■ Task directions: Nothing outside the range is wanted. Repeat exactly the lines below from the one with "r s \<longleftrightarrow>" through the one with "True[THEN conjunct1] that]".

■ Data in this exercise:
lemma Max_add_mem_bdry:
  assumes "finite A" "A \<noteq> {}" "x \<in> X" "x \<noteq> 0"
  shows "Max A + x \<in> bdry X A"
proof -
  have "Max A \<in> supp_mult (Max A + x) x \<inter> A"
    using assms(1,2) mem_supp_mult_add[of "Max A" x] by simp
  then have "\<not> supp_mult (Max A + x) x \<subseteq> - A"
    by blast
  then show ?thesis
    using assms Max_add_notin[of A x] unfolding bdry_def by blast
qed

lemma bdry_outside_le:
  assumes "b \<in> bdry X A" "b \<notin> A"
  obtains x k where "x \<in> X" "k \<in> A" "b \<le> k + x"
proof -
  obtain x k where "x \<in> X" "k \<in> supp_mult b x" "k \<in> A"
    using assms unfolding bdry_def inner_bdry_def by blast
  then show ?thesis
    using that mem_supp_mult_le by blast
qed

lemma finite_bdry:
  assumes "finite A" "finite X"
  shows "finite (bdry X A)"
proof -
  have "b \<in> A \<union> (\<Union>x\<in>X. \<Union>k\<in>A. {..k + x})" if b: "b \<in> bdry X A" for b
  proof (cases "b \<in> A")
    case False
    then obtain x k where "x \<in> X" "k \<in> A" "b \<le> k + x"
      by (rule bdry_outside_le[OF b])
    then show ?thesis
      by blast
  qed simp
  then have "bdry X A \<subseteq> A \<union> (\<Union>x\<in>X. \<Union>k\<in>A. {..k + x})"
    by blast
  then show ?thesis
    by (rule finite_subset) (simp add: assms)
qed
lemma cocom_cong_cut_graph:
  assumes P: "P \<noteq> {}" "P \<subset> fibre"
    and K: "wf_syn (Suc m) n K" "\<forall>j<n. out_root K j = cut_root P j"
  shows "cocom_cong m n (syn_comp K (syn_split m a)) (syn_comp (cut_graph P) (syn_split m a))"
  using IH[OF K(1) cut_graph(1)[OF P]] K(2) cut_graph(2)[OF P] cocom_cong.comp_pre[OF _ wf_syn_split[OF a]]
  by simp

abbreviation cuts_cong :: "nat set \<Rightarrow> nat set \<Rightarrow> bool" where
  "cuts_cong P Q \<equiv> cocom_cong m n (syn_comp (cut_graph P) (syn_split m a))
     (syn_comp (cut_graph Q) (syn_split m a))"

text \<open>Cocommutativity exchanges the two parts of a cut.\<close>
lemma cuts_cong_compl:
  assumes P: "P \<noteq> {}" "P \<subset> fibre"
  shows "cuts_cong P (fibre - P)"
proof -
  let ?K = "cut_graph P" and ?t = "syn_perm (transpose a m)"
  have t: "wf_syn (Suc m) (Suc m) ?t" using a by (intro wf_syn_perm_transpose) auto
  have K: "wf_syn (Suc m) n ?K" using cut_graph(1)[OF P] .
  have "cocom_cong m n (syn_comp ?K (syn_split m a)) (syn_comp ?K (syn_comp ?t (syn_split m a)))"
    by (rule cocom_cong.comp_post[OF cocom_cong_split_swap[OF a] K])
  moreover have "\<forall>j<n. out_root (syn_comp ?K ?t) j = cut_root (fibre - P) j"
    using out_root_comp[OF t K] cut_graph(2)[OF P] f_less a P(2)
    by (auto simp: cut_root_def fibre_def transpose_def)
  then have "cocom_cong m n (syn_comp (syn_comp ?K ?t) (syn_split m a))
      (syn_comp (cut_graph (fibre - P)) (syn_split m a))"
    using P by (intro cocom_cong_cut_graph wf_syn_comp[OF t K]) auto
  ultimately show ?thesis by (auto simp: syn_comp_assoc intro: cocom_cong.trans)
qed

* * *

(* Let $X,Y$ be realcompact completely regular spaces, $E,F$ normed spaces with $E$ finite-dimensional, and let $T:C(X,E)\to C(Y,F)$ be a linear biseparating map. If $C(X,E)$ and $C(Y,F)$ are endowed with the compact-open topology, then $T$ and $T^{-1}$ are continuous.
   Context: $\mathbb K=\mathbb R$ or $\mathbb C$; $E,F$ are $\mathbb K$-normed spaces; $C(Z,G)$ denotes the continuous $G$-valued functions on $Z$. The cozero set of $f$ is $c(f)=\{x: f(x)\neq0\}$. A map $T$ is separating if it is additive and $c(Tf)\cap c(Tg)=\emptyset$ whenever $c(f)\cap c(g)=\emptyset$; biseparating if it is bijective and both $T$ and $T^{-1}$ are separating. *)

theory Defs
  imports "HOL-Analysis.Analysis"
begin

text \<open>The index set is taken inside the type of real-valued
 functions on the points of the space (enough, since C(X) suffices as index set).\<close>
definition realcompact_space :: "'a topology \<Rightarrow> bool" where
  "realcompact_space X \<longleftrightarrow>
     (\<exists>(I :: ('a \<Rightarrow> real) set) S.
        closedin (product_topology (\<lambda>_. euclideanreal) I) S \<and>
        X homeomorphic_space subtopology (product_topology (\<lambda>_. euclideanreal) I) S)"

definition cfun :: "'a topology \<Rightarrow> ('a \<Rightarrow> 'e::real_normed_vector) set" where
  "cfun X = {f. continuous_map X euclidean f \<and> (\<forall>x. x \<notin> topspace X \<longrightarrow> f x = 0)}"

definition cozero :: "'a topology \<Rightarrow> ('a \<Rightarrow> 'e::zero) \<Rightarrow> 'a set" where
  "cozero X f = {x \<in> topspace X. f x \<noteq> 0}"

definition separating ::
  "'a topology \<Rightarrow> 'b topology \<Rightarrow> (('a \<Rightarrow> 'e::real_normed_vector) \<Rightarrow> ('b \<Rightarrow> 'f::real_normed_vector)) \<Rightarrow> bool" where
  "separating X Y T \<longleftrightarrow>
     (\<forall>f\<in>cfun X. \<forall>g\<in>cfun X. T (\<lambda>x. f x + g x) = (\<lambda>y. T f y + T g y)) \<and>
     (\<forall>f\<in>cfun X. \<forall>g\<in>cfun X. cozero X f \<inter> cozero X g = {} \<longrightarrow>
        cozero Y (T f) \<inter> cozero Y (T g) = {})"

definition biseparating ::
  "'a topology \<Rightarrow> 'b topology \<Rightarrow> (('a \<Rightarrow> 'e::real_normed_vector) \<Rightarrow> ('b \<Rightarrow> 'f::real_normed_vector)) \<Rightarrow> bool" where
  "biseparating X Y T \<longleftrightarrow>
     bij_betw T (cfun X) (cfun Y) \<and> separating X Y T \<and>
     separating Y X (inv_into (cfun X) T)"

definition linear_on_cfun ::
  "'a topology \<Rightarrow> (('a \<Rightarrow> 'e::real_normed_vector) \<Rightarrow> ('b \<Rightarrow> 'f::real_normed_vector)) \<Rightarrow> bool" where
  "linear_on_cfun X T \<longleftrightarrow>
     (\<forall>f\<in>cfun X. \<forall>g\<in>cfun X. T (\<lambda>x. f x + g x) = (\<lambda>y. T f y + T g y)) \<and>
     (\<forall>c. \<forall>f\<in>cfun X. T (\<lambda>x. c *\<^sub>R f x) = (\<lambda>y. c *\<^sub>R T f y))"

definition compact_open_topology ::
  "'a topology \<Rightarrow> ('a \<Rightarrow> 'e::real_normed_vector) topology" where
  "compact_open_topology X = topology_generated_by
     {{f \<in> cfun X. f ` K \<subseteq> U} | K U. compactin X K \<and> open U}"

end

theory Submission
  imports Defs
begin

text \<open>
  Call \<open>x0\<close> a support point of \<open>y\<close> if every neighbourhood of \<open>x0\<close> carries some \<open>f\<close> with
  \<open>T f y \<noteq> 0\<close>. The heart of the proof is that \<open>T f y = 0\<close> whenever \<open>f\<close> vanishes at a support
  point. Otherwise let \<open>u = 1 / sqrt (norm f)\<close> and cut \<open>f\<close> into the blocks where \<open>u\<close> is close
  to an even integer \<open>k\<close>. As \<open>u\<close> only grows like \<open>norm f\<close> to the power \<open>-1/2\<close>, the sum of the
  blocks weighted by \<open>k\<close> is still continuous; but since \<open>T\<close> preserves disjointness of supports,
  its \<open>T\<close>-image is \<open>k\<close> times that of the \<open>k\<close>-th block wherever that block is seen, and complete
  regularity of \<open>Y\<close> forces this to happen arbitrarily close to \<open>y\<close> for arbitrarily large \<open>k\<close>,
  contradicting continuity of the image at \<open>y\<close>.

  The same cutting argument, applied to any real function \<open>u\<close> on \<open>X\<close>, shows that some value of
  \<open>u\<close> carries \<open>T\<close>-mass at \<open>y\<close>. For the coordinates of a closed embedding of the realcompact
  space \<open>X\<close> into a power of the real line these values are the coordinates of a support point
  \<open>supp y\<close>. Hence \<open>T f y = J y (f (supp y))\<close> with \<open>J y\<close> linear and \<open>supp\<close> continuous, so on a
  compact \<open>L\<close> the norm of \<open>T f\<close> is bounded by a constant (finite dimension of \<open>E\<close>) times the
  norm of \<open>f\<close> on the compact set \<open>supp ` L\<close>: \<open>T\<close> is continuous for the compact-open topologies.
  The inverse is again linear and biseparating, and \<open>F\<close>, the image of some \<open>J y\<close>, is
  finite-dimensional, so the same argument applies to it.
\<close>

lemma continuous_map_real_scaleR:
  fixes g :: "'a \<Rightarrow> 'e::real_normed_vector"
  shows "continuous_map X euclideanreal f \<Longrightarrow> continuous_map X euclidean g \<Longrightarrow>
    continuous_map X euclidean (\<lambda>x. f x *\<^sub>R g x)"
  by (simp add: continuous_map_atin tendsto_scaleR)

...

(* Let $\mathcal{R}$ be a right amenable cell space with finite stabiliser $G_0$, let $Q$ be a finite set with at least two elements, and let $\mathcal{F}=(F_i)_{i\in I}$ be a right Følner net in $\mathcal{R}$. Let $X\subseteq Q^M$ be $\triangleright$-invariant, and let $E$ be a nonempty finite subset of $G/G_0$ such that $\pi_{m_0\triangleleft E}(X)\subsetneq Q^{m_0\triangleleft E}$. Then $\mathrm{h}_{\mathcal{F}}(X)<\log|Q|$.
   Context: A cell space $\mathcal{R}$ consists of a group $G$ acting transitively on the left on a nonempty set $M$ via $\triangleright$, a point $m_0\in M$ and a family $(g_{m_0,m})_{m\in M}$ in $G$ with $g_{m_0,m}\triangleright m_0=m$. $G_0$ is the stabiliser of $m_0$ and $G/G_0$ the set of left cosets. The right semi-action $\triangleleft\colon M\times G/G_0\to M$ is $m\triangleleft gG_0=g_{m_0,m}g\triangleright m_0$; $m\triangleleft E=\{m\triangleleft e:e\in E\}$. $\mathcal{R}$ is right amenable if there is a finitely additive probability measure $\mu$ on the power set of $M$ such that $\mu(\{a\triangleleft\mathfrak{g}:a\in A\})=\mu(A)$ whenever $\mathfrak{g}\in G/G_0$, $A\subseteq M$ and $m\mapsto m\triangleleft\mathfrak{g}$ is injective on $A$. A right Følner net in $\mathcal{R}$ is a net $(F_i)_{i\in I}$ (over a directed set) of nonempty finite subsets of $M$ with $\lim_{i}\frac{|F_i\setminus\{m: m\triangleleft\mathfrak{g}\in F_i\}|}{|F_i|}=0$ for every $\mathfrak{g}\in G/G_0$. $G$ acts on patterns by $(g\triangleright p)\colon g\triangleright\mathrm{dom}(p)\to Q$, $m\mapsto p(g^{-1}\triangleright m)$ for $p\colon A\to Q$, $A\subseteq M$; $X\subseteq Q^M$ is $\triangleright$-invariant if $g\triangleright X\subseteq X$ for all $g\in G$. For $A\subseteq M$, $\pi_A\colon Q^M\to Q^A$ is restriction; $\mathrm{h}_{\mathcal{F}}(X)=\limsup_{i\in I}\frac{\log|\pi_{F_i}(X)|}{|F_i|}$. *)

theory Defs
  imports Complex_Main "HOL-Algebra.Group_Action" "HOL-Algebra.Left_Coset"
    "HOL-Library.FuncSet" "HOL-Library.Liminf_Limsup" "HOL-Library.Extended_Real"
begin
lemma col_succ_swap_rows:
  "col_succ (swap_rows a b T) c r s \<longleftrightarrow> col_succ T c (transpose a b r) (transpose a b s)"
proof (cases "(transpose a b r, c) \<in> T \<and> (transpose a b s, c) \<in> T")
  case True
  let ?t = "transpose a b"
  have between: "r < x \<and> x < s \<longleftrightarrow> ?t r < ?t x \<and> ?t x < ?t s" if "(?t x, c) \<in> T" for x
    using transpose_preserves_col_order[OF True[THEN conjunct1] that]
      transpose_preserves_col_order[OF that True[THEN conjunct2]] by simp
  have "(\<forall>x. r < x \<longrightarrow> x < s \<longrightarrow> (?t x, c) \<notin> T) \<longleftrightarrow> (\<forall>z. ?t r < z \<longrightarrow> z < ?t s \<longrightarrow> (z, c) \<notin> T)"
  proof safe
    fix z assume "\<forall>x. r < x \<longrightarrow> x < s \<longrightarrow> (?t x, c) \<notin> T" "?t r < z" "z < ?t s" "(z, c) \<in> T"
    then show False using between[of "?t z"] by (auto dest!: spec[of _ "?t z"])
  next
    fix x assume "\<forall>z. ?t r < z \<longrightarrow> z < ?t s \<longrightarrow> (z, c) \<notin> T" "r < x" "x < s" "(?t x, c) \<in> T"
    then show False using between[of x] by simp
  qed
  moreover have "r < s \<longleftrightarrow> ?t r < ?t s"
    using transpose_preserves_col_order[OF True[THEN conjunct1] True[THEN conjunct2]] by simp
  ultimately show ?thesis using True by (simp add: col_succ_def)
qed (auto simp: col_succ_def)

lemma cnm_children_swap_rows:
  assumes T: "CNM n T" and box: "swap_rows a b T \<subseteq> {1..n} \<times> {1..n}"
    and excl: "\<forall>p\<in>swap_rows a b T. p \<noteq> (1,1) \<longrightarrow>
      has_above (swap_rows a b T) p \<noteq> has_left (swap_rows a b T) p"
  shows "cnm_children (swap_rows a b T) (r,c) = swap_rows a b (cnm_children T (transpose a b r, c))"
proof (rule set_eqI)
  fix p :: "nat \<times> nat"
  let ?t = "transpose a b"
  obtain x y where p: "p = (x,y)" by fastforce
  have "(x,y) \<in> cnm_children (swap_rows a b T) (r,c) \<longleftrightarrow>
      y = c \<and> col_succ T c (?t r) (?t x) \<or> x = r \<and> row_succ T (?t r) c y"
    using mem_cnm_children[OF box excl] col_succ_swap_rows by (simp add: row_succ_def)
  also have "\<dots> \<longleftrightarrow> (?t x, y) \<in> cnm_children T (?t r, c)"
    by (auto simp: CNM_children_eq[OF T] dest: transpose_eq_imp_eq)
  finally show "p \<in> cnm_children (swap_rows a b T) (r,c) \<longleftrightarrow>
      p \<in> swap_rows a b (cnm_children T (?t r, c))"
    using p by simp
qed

■ Response to this task:
  "col_succ (swap_rows a b T) c r s \<longleftrightarrow> col_succ T c (transpose a b r) (transpose a b s)"
proof (cases "(transpose a b r, c) \<in> T \<and> (transpose a b s, c) \<in> T")
  case True
  let ?t = "transpose a b"
  have between: "r < x \<and> x < s \<longleftrightarrow> ?t r < ?t x \<and> ?t x < ?t s" if "(?t x, c) \<in> T" for x
    using transpose_preserves_col_order[OF True[THEN conjunct1] that]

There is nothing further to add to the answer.